**Work to be completed**
For the word "whose", state how many lines of the records include it, with no other text.

**Recorded data**
------------------------------------

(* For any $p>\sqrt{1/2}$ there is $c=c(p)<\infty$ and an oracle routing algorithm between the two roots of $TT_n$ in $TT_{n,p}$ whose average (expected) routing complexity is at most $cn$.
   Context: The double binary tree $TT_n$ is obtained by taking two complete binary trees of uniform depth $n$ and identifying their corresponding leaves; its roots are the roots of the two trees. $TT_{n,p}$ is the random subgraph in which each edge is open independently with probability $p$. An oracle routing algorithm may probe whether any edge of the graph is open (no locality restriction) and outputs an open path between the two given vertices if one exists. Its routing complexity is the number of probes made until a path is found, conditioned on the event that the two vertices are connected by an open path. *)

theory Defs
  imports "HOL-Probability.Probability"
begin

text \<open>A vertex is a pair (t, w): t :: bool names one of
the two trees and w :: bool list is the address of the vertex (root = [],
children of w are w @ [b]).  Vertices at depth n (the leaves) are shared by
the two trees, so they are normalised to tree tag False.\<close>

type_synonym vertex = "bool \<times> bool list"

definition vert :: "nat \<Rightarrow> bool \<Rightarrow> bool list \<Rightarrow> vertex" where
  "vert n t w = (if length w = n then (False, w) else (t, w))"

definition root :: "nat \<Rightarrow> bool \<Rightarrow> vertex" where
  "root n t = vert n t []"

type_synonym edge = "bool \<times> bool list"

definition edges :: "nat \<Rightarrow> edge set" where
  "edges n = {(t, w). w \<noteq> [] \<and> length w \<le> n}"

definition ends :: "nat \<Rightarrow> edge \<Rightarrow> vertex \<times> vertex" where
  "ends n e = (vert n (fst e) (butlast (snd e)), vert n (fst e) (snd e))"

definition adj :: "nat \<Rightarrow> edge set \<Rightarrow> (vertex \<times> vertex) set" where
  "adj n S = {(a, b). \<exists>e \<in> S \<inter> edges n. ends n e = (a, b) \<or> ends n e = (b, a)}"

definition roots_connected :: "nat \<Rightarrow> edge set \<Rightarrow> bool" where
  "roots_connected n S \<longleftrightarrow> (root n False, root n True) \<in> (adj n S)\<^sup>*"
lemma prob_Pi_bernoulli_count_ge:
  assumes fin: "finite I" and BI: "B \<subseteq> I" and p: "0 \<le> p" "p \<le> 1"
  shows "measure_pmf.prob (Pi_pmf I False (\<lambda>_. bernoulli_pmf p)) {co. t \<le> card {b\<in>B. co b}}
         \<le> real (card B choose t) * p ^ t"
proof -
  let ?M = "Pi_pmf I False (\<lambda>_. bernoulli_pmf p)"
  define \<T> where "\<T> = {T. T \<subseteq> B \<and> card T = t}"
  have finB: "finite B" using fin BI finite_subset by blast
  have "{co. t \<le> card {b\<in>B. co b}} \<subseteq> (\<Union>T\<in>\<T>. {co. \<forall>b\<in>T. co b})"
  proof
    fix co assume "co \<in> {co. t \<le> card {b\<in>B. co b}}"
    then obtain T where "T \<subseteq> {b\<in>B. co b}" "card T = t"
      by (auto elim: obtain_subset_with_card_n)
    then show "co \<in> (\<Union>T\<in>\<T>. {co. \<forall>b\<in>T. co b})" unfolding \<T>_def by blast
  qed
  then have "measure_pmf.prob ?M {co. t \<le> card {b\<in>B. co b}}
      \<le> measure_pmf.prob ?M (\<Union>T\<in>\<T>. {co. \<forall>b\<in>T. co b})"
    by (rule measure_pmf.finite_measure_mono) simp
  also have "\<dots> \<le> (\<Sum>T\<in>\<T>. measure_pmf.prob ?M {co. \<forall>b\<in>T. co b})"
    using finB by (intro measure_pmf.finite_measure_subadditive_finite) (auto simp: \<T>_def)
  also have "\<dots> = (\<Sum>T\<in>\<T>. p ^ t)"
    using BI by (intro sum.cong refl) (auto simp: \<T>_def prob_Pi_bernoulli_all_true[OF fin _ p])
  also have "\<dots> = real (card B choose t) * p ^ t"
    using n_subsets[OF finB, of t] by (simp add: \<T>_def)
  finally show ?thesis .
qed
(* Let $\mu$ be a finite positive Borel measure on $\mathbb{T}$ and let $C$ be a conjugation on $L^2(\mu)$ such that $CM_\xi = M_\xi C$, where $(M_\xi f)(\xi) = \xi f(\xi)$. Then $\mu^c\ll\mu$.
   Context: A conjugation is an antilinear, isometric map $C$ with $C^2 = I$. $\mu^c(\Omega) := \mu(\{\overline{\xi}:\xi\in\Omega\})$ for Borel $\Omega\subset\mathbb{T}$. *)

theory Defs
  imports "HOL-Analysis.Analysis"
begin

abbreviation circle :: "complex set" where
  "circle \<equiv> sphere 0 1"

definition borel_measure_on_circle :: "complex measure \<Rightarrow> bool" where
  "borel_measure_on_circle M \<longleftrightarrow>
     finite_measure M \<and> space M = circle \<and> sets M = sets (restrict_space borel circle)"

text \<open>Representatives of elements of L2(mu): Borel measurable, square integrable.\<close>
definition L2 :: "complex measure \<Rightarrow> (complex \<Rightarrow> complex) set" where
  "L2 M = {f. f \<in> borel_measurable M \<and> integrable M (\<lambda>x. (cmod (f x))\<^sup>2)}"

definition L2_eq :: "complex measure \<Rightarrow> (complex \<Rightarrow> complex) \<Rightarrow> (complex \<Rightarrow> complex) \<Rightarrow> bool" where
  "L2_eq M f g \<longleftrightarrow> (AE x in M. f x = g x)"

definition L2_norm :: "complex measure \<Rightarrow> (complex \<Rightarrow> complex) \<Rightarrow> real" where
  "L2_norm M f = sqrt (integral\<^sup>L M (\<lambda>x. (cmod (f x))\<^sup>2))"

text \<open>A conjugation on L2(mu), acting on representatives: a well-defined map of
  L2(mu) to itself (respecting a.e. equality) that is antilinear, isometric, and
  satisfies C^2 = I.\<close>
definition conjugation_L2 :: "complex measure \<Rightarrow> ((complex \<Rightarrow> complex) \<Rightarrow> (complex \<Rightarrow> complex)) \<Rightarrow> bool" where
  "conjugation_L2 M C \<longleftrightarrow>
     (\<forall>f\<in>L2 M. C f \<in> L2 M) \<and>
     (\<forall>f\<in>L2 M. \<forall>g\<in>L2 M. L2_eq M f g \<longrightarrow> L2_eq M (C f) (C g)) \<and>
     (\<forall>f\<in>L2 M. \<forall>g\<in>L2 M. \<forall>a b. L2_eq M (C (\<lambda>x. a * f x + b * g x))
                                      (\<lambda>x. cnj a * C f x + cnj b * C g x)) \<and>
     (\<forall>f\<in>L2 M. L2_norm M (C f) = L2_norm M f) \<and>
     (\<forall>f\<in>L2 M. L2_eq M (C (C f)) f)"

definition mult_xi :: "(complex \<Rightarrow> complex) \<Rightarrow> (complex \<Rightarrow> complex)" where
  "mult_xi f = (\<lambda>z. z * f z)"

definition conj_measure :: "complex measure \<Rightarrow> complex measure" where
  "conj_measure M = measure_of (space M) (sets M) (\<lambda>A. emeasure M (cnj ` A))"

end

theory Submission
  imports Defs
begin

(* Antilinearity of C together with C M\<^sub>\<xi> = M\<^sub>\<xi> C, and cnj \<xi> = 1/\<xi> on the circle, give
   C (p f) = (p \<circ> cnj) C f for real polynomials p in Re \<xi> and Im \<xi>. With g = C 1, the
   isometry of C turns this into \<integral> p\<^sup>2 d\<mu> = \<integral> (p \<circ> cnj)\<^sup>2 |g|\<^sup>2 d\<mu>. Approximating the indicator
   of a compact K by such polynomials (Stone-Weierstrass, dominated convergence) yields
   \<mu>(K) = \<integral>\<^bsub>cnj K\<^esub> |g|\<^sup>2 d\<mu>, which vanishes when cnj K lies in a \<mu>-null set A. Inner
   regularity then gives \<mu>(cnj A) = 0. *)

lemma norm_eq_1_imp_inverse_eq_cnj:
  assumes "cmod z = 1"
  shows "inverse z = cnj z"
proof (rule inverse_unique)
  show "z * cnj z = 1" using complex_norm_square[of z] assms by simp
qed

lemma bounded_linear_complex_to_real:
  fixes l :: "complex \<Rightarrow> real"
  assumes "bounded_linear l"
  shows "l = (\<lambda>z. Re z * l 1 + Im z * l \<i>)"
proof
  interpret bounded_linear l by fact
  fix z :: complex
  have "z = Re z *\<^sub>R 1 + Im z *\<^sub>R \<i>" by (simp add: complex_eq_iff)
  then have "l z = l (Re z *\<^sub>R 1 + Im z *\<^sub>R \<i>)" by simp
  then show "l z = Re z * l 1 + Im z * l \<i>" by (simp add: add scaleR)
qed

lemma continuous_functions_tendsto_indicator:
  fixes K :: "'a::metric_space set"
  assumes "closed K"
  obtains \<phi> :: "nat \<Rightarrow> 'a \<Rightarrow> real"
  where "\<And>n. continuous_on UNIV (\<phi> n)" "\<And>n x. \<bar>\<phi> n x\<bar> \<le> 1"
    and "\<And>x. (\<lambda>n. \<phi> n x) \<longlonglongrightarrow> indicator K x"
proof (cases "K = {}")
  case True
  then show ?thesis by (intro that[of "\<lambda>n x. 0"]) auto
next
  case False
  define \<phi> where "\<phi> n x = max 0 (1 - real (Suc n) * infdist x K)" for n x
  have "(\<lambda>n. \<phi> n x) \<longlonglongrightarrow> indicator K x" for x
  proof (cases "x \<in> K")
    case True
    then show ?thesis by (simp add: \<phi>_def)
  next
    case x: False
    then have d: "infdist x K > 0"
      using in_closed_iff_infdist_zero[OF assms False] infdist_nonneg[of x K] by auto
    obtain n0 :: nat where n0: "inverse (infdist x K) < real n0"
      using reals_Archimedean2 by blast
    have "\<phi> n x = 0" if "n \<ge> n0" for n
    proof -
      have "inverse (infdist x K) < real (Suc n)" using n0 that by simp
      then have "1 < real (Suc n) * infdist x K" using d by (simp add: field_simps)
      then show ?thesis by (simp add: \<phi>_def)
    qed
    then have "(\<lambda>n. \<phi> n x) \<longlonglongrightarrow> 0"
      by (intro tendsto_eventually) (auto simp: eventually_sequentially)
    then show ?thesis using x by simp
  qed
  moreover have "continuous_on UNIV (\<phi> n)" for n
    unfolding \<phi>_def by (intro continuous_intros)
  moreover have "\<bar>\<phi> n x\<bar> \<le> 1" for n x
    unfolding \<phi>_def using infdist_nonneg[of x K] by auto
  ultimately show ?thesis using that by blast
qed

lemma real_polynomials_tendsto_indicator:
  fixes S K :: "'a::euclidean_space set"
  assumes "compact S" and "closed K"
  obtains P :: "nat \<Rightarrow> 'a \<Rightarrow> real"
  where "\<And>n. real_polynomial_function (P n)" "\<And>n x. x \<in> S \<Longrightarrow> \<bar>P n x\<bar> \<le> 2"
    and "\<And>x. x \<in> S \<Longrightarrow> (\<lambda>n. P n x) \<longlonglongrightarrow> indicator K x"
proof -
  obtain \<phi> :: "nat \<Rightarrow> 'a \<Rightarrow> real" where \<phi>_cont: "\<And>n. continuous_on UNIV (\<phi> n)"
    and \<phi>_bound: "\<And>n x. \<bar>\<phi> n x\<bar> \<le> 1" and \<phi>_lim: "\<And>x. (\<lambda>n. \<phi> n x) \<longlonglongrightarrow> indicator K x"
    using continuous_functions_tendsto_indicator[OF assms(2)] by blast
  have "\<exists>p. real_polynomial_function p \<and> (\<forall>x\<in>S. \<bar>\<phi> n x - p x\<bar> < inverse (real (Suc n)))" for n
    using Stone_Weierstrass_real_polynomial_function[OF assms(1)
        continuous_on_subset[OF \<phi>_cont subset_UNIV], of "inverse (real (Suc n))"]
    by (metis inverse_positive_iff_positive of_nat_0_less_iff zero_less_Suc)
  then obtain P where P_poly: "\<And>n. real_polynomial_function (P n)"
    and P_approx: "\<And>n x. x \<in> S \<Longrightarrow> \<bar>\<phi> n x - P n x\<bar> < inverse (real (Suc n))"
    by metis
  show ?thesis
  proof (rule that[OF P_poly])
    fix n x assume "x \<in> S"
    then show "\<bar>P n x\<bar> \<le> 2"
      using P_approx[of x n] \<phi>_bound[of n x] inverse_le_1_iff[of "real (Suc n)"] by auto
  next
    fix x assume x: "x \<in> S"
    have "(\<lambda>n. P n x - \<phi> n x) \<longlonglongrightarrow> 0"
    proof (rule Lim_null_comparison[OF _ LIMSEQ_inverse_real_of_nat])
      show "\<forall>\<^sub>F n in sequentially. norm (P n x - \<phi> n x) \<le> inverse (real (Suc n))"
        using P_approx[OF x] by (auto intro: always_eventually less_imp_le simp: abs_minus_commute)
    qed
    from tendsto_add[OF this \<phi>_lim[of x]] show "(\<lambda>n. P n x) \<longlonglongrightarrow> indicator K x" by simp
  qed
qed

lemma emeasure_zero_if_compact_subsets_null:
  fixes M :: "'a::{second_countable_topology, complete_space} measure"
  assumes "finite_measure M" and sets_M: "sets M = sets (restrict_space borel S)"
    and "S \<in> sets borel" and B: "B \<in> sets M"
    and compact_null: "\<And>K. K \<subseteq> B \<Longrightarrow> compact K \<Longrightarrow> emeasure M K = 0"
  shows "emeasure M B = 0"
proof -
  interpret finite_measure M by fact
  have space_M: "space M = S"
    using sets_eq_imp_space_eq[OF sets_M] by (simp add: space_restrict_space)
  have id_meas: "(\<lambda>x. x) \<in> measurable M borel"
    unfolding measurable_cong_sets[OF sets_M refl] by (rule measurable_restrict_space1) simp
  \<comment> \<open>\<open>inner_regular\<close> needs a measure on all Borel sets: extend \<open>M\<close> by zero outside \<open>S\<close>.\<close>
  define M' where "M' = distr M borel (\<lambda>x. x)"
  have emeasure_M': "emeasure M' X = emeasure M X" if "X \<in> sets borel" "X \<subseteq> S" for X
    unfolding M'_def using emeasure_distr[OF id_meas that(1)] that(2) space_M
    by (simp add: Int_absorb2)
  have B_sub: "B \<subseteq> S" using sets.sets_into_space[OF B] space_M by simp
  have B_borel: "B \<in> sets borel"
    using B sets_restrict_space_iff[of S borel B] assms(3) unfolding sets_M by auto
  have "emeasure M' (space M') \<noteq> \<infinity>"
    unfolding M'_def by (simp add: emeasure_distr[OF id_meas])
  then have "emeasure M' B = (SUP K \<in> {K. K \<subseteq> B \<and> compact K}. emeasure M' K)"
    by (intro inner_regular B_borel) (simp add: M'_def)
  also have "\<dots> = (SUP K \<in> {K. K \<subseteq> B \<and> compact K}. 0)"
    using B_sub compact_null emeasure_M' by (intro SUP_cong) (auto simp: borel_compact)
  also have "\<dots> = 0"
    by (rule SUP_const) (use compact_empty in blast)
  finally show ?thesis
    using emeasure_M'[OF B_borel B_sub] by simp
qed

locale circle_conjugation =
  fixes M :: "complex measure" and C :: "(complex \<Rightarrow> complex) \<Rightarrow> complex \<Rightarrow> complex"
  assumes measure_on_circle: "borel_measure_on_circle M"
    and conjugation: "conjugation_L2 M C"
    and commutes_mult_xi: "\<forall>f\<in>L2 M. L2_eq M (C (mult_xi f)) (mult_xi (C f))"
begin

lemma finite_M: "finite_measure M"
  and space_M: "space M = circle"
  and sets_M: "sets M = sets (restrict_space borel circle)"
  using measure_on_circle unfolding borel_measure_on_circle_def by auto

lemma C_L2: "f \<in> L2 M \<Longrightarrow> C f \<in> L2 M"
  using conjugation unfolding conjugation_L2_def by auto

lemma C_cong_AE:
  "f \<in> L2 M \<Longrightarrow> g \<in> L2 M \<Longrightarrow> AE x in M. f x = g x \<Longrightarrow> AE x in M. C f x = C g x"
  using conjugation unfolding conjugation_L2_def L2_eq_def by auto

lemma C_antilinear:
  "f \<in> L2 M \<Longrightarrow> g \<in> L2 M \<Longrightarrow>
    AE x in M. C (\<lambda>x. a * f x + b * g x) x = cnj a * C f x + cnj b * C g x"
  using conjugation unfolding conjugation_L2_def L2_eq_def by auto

------------------------------------

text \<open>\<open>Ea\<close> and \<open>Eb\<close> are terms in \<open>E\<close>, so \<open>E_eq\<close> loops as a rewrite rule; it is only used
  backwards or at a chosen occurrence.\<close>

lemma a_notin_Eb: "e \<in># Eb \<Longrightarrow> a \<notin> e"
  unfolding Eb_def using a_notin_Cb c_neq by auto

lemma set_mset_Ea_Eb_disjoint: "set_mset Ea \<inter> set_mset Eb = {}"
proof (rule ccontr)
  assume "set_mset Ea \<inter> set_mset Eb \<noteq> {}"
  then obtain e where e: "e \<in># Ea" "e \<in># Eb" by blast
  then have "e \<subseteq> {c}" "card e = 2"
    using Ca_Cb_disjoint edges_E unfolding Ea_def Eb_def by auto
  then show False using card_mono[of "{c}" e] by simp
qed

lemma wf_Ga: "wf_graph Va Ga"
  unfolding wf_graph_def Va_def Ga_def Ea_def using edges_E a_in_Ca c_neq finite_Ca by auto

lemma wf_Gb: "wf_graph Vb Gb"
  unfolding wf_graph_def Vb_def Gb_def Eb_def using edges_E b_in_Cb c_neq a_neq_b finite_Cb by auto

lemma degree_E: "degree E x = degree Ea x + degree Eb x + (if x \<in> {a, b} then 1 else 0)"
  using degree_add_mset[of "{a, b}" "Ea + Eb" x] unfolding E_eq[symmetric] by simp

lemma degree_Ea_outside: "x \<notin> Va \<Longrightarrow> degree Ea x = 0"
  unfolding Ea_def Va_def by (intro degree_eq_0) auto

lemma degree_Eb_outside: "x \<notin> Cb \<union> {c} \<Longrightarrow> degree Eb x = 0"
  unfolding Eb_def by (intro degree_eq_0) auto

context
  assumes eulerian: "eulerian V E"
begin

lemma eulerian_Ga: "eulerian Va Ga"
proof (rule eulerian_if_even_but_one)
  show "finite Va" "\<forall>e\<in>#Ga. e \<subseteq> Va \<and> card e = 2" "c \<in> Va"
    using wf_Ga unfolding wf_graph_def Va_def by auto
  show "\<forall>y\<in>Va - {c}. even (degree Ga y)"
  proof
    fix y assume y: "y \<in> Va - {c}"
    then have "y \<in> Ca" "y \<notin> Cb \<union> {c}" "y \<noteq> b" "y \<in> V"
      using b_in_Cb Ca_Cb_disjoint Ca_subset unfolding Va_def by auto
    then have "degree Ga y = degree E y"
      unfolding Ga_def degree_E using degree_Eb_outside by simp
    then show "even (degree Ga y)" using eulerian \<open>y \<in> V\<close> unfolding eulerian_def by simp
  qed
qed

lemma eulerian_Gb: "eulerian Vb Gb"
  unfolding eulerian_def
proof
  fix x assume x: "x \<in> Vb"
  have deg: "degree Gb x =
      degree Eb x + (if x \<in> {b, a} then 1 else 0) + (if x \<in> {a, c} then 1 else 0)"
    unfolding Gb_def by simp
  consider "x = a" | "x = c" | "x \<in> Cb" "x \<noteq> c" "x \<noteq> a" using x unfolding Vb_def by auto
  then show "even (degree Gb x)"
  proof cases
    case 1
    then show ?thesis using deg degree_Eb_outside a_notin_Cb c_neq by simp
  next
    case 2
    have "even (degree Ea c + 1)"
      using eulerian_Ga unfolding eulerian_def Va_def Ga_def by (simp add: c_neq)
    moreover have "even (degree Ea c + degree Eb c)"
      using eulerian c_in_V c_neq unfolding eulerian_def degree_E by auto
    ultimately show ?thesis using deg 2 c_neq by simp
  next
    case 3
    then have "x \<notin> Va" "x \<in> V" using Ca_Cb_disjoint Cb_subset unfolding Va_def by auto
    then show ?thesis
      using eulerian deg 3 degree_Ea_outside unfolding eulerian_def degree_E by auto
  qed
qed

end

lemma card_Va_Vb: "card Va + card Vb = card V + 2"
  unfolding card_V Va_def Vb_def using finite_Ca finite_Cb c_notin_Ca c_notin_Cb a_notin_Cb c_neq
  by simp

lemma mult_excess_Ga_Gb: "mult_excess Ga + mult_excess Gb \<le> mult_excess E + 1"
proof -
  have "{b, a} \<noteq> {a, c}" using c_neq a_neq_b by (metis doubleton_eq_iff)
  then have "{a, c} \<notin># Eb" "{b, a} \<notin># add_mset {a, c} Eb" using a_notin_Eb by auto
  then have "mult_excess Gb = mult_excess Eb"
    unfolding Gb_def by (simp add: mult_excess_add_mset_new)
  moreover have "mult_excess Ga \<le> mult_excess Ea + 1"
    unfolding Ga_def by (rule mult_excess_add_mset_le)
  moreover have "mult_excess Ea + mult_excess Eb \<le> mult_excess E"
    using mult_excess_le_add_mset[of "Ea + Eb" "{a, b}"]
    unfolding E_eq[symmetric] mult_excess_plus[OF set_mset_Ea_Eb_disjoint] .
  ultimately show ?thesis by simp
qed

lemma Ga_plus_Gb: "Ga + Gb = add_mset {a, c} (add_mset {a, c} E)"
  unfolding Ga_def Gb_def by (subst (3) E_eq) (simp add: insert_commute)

------------------------------------

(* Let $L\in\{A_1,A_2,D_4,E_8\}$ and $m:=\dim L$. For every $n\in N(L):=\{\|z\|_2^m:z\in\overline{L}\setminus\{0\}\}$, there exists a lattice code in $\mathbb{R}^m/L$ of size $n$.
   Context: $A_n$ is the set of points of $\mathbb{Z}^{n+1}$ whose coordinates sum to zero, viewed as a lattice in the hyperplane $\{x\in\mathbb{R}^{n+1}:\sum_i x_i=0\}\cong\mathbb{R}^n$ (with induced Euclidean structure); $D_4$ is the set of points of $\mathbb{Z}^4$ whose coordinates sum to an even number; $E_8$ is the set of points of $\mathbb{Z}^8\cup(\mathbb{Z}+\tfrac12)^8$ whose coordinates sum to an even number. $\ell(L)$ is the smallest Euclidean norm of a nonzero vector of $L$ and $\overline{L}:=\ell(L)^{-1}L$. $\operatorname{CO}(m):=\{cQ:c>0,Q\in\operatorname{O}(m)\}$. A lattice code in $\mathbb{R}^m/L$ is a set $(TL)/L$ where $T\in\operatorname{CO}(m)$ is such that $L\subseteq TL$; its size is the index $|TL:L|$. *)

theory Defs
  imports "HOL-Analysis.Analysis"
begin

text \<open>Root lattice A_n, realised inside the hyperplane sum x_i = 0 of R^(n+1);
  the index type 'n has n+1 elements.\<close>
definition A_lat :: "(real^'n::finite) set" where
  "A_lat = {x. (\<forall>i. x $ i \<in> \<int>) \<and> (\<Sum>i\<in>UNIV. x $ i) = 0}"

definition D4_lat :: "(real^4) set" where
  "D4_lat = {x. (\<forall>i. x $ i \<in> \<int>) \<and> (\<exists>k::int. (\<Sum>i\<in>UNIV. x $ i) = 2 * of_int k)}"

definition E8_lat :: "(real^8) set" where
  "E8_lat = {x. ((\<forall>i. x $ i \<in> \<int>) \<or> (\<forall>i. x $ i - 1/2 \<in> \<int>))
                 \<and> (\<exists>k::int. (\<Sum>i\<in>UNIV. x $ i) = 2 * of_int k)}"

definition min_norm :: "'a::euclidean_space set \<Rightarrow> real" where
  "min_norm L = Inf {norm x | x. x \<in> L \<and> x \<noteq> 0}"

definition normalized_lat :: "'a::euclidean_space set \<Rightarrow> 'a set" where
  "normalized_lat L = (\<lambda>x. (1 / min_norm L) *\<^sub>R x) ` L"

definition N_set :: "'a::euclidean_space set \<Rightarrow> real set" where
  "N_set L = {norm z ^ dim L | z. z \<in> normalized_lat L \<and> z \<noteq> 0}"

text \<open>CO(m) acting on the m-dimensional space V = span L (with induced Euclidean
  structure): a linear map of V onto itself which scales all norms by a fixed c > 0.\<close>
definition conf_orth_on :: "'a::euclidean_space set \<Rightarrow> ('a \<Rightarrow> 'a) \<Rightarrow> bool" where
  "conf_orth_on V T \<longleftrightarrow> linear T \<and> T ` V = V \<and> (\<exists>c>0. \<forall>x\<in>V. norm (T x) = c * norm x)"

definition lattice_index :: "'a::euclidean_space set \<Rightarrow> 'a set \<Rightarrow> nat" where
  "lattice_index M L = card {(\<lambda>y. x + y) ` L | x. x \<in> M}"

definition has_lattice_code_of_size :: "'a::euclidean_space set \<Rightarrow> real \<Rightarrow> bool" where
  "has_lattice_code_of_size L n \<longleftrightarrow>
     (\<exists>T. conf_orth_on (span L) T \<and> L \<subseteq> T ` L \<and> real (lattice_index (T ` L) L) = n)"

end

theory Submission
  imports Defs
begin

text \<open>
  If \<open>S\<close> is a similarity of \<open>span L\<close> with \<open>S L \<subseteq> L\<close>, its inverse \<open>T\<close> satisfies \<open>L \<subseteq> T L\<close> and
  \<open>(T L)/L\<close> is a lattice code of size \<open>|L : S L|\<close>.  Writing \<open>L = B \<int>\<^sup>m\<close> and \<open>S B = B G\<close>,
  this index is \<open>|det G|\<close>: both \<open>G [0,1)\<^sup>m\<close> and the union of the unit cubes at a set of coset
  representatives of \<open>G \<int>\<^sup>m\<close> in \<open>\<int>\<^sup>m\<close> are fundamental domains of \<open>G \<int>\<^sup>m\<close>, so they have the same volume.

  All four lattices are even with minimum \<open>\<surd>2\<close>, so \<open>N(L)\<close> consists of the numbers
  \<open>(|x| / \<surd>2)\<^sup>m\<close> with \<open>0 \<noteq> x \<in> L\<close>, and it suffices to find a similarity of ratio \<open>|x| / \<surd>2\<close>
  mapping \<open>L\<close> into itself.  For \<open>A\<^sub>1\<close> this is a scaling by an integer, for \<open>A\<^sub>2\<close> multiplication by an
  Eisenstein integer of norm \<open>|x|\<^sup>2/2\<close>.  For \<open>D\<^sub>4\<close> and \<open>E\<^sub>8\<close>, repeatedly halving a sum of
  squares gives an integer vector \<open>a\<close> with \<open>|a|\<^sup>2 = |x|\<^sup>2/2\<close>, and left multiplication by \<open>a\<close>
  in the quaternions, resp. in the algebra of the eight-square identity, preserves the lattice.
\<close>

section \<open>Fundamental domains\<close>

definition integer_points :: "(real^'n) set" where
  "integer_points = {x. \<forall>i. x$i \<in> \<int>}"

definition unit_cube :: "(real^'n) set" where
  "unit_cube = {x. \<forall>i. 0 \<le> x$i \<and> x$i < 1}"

------------------------------------

**Answer space**
2